A familiar name from two years ago, G Max Abmas, is still bombing away (22.8 ppg) as he was in that breathless 2021 tourney run (and we can only guess that ORU has figured out how to play the NIL game if Abmas is still in tow), though he has some different running mates these days in Tulsa, including former Vandy transfer G Isaac McBride (12.4 ppg) and the Spruce Goose of the Summit, 7-3 Connor Vanover, who showed up from Arkansas this season and continues to fool defenses by often stepping out behind the arc to fire 3-balls in a sight that recalls the days of Manute Bol. Make no mistake, Paul Mills’ guys can score, as their 85.5 ppg (ranks only behind Gonzaga) suggests. Here is the rub, however; oddsmakers and the wagering public are now onto ORU, and point-spreads are consistently inflating well into the teens. After Thursday’s narrow escape vs. North Dakota, that’s now three straight spread Ls, not even close laying those sort of bomber prices the last two vs. Western Illinois and the Fighting Hawks. The Golden Eagles have become a semi-public team again, and the oddsmakers are now putting hefty premiums on ORU prices. Proceed carefully.
Ohio State Buckeyes
Sunday vs. Purdue (1:00 p.m. ET)
It’s been nirvana for Buckeyes haters the past month as Chris Holtmann’s team can’t seem to get out of its own way, the losing streak (SU and vs. spread) now at seven, and twelve of the last thirteen, as things seem to be getting much worse before they get any better. We thought Sunday’s ugly 62-41 home loss to Tom Izzo’s Michigan State was maybe the nadir this term, as no starter scored in double-digits as OSU shot just 28% (17 of 60) from the floor, until Thursday night at Iowa City, when the Hawkeyes had the lead up to 26 points in the second half before Fran McCaffery called off the dogs.

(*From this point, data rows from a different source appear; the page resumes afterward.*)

(* Let $p\in[1,\infty)$ and $\rho\in\mathfrak M_+(\mathsf X\times\mathsf X)$. Let $E_0\subseteq\mathsf X$ be $\mathfrak m$-measurable, $(\mathsf Y,\mathsf d_{\mathsf Y})$ a metric space, $f\in\mathfrak M(E_0,\mathsf Y)$, and $E\Subset E_0$ $\mathfrak m$-measurable. Suppose there is $R>0$ with $\mathrm B(E,R)\subseteq E_0$ and a function $G:E_0\times(0,R]\to[0,+\infty]$ such that: (i) for every $r\in(0,R]$, $G(\cdot,r)$ is $\mathfrak m$-measurable; (ii) there is $C>0$ such that for every $r\in(0,R]$, for $\mathfrak m$-a.e. $x\in E_0$, $\sup_{r'\in[r/2,r]}G(x,r')\le C\,G(x,r)$; (iii) there is $D\subseteq E_0\times E_0$ with $(\mathfrak m\otimes\mathfrak m)((E_0\times E_0)\setminus D)=0$ such that for all $(x,x')\in D$ with $x\in E$ and $x'\in\mathrm B(x,R)\setminus\{x\}$, $(\mathsf Q_f(x,x'))^p\le G(x,\mathsf d(x,x'))+G(x',\mathsf d(x,x'))$. Then for every $r\in(0,R]$, \[ \int_E\int_{\mathrm B(x,r)}(\mathsf Q_f(x,x'))^p\rho(x,x')\,\mathrm d\mathfrak m(x')\,\mathrm d\mathfrak m(x)\le C\,\mathcal I^U_{E,r}[\rho]\sup_{r'\in(0,r]}\int_{E_0}G(x,r')\,\mathrm d\mathfrak m(x). \]
   Context: $(\mathsf X,\mathsf d)$ is a locally complete separable metric space of positive diameter with a locally finite Borel outer measure $\mathfrak m$, $\mathfrak m(\mathsf X)>0$. Conventions $0\cdot(+\infty)=0/0=0$. Closed balls $\mathrm B(x,r)=\{x':\mathsf d(x,x')\le r\}$, $\mathrm B(S,r)=\{x':\operatorname{dist}(S,\{x'\})\le r\}$; $\mathrm A(x,\tau)=\{x':\mathsf d(x,x')\in\tau\}$. $S\Subset S_0$ means $S\subseteq S_0$ and $\operatorname{dist}(S,\mathsf X\setminus S_0)>0$. $\mathfrak M(E,\mathsf Y)$: $\mathfrak m$-measurable maps $E\to\mathsf Y$ separably valued off an $\mathfrak m$-null set. $\mathfrak M_+(\mathsf X\times\mathsf X)$: $(\mathfrak m\otimes\mathfrak m)$-measurable functions into $[0,+\infty]$. $\mathsf Q_f(x,x')=\mathsf d_{\mathsf Y}(f(x),f(x'))/\mathsf d(x,x')$ for $x\ne x'$, $0$ for $x=x'$. For $r>0$, $\mathcal P^U_r$ is the set of sequences $(\tau_k)_{k\in\mathbb N_0}$ of nonempty intervals in $(0,r]$ with $\sup\tau_k\le2\inf\tau_k$ and $(0,r]\subseteq\bigcup_k\tau_k$; for $S\subseteq\mathsf X$, $\mathcal I^U_{S,r}[\rho,\tau_\bullet]=\sum_k\operatorname{ess\,sup}_{x\in\mathrm B(S,\sup\tau_k)}\int_{\mathrm A(x,\tau_k)}(\rho(x,x')+\rho(x',x))\,\mathrm d\mathfrak m(x')$ (ess sup w.r.t. $\mathfrak m$) and $\mathcal I^U_{S,r}[\rho]=\inf_{\tau_\bullet\in\mathcal P^U_r}\mathcal I^U_{S,r}[\rho,\tau_\bullet]$. *)

theory Defs
  imports "HOL-Analysis.Analysis"
begin

text \<open>Closed metric neighbourhood B(S,r) = {x'. dist(S,{x'}) \<le> r}; empty when S is empty
  (dist from the empty set is +infinity).\<close>
definition closed_nbhd :: "'a::metric_space set \<Rightarrow> real \<Rightarrow> 'a set" where
  "closed_nbhd S r = {x. S \<noteq> {} \<and> infdist x S \<le> r}"

definition annulus :: "'a::metric_space \<Rightarrow> real set \<Rightarrow> 'a set" where
  "annulus x \<tau> = {x'. dist x x' \<in> \<tau>}"

definition well_inside :: "'a::metric_space set \<Rightarrow> 'a set \<Rightarrow> bool" where
  "well_inside S S0 \<longleftrightarrow> S \<subseteq> S0 \<and> (\<exists>\<delta>>0. \<forall>x\<in>S. \<forall>y. y \<notin> S0 \<longrightarrow> \<delta> \<le> dist x y)"

definition meas_maps :: "'a measure \<Rightarrow> 'a set \<Rightarrow> ('a \<Rightarrow> 'b::metric_space) set" where
  "meas_maps M E = {f. (\<forall>U. open U \<longrightarrow> {x\<in>E. f x \<in> U} \<in> sets M) \<and>
      (\<exists>N\<in>null_sets M. \<exists>C. countable C \<and> f ` (E - N) \<subseteq> closure C)}"

definition diffquot :: "('a::metric_space \<Rightarrow> 'b::metric_space) \<Rightarrow> 'a \<Rightarrow> 'a \<Rightarrow> real" where
  "diffquot f x x' = (if x = x' then 0 else dist (f x) (f x') / dist x x')"

definition ess_sup_on :: "'a measure \<Rightarrow> 'a set \<Rightarrow> ('a \<Rightarrow> ennreal) \<Rightarrow> ennreal" where
  "ess_sup_on M S g = Inf {c. \<exists>N\<in>null_sets M. \<forall>x\<in>S - N. g x \<le> c}"

definition adm_intervals :: "real \<Rightarrow> (nat \<Rightarrow> real set) set" where
  "adm_intervals r = {\<tau>. (\<forall>k. \<tau> k \<noteq> {} \<and> is_interval (\<tau> k) \<and> \<tau> k \<subseteq> {0<..r}
        \<and> Sup (\<tau> k) \<le> 2 * Inf (\<tau> k)) \<and> {0<..r} \<subseteq> (\<Union>k. \<tau> k)}"

definition IU_seq :: "'a::metric_space measure \<Rightarrow> 'a set \<Rightarrow> ('a \<times> 'a \<Rightarrow> ennreal) \<Rightarrow> (nat \<Rightarrow> real set) \<Rightarrow> ennreal" where
  "IU_seq M S \<rho> \<tau> = (\<Sum>k. ess_sup_on M (closed_nbhd S (Sup (\<tau> k)))
      (\<lambda>x. \<integral>\<^sup>+ x' \<in> annulus x (\<tau> k). (\<rho> (x, x') + \<rho> (x', x)) \<partial>M))"

definition IU :: "'a::metric_space measure \<Rightarrow> 'a set \<Rightarrow> real \<Rightarrow> ('a \<times> 'a \<Rightarrow> ennreal) \<Rightarrow> ennreal" where
  "IU M S r \<rho> = (INF \<tau>\<in>adm_intervals r. IU_seq M S \<rho> \<tau>)"

end

(*
  Fix an admissible sequence of intervals tau_k covering (0,r], with s_k = sup tau_k <= 2 inf tau_k.
  If d(x,x') lies in tau_k then it lies in [s_k/2, s_k], so the doubling condition turns the
  hypothesis on Q_f into Q_f(x,x')^p <= C (G(x,s_k) + G(x',s_k)).  Fubini moves the G(x',s_k)
  term onto x', so both terms become the integral of G(y,s_k) against the mass of
  rho(y,.) + rho(.,y) on the annulus A(y,tau_k); this mass vanishes unless y lies in B(E,s_k),
  where it is a.e. bounded by the essential supremum occurring in I^U_{E,r}[rho,tau].  Summing
  over k and taking the infimum over tau gives the estimate.
*)

theory Submission
  imports Defs
begin

lemma dense_ball_subset_ball:
  fixes x :: "'a::metric_space"
  assumes "closure S = UNIV" and "0 < e"
  obtains s n where "s \<in> S" "x \<in> ball s (1 / Suc n)" "ball s (1 / Suc n) \<subseteq> ball x e"
proof -
  obtain n :: nat where n: "1 / Suc n < e / 2"
    using assms(2) by (metis half_gt_zero_iff nat_approx_posE)
  have "x \<in> closure S"
    using assms(1) by simp
  then obtain s where s: "s \<in> S" "dist s x < 1 / Suc n"
    by (metis closure_approachable of_nat_0_less_iff zero_less_Suc zero_less_divide_1_iff)
  have "ball s (1 / Suc n) \<subseteq> ball x e"
  proof
    fix y assume "y \<in> ball s (1 / Suc n)"
    then show "y \<in> ball x e"
      using s n dist_triangle[of x y s] by (simp add: dist_commute)
  qed
  moreover have "x \<in> ball s (1 / Suc n)"
    using s(2) by (simp add: dist_commute)
  ultimately show ?thesis
    using s(1) that by blast
qed

lemma sigma_finite_measure_if_locally_finite_separable:
  fixes M :: "'a::metric_space measure"
  assumes space: "space M = UNIV" and borel: "sets borel \<subseteq> sets M"
    and loc_finite: "\<forall>x. \<exists>s>0. emeasure M (ball x s) < \<infinity>"
    and separable: "\<exists>S::'a set. countable S \<and> closure S = UNIV"
  shows "sigma_finite_measure M"
proof -
  obtain S :: "'a set" where S: "countable S" "closure S = UNIV"
    using separable by blast
  define A where "A = {ball s (1 / Suc n) | s n. s \<in> S \<and> emeasure M (ball s (1 / Suc n)) < \<infinity>}"
  have "A \<subseteq> (\<lambda>(s, n). ball s (1 / Suc n)) ` (S \<times> (UNIV :: nat set))"
    unfolding A_def by auto
  moreover have "countable ((\<lambda>(s, n). ball s (1 / Suc n)) ` (S \<times> (UNIV :: nat set)))"
    using S(1) by auto
  ultimately have "countable A"
    by (rule countable_subset)
  moreover have "A \<subseteq> sets M" "\<forall>a\<in>A. emeasure M a \<noteq> \<infinity>"
    unfolding A_def using borel by auto
  moreover have "\<Union>A = space M"
    unfolding space
  proof (intro set_eqI iffI UNIV_I)
    fix x :: 'a
    obtain e where e: "e > 0" "emeasure M (ball x e) < \<infinity>"
      using loc_finite by blast
    then obtain s n where s: "s \<in> S" "x \<in> ball s (1 / Suc n)" "ball s (1 / Suc n) \<subseteq> ball x e"
      using dense_ball_subset_ball[OF S(2)] by blast
    then have "emeasure M (ball s (1 / Suc n)) \<le> emeasure M (ball x e)"
      by (intro emeasure_mono) (use borel in auto)
    then have "ball s (1 / Suc n) \<in> A"
      unfolding A_def using s(1) e(2) by (blast dest: le_less_trans)
    then show "x \<in> \<Union>A"
      using s(2) by blast
  qed
  ultimately show ?thesis
    by (intro sigma_finite_measure.intro) blast
qed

Also alarming has been the drop in production touted 6-6 frosh bull-in-china-shop Brice Sensabaugh, who seems to have hit the proverbial freshman wall, who into the Iowa game has been held to just 12 combined points across the previous two outings nd just 8 for 36 from the floor the past three outings, with some Big Ten sources suspecting some friction with Holtmann, who benched his young star for an extended period in last Thursday’s loss to Northwestern and might not be keen on the scuttlebutt that has Sensabugh opting out early and into the NBA Draft, where he’s projected by some to be a mid-first round pick. (In other words, it looks like Sensabaugh is a one-and-done.) Holtmann kept Sensabaugh in the game after McCaffery cleared his bench on Thursday, so the frosh added a few garbage-time buckets to pad his stats, but for the most part it was another disappointing effort. Holtmann appears to have no answers at the moment, with an angered Purdue (off of two straight losses) on deck.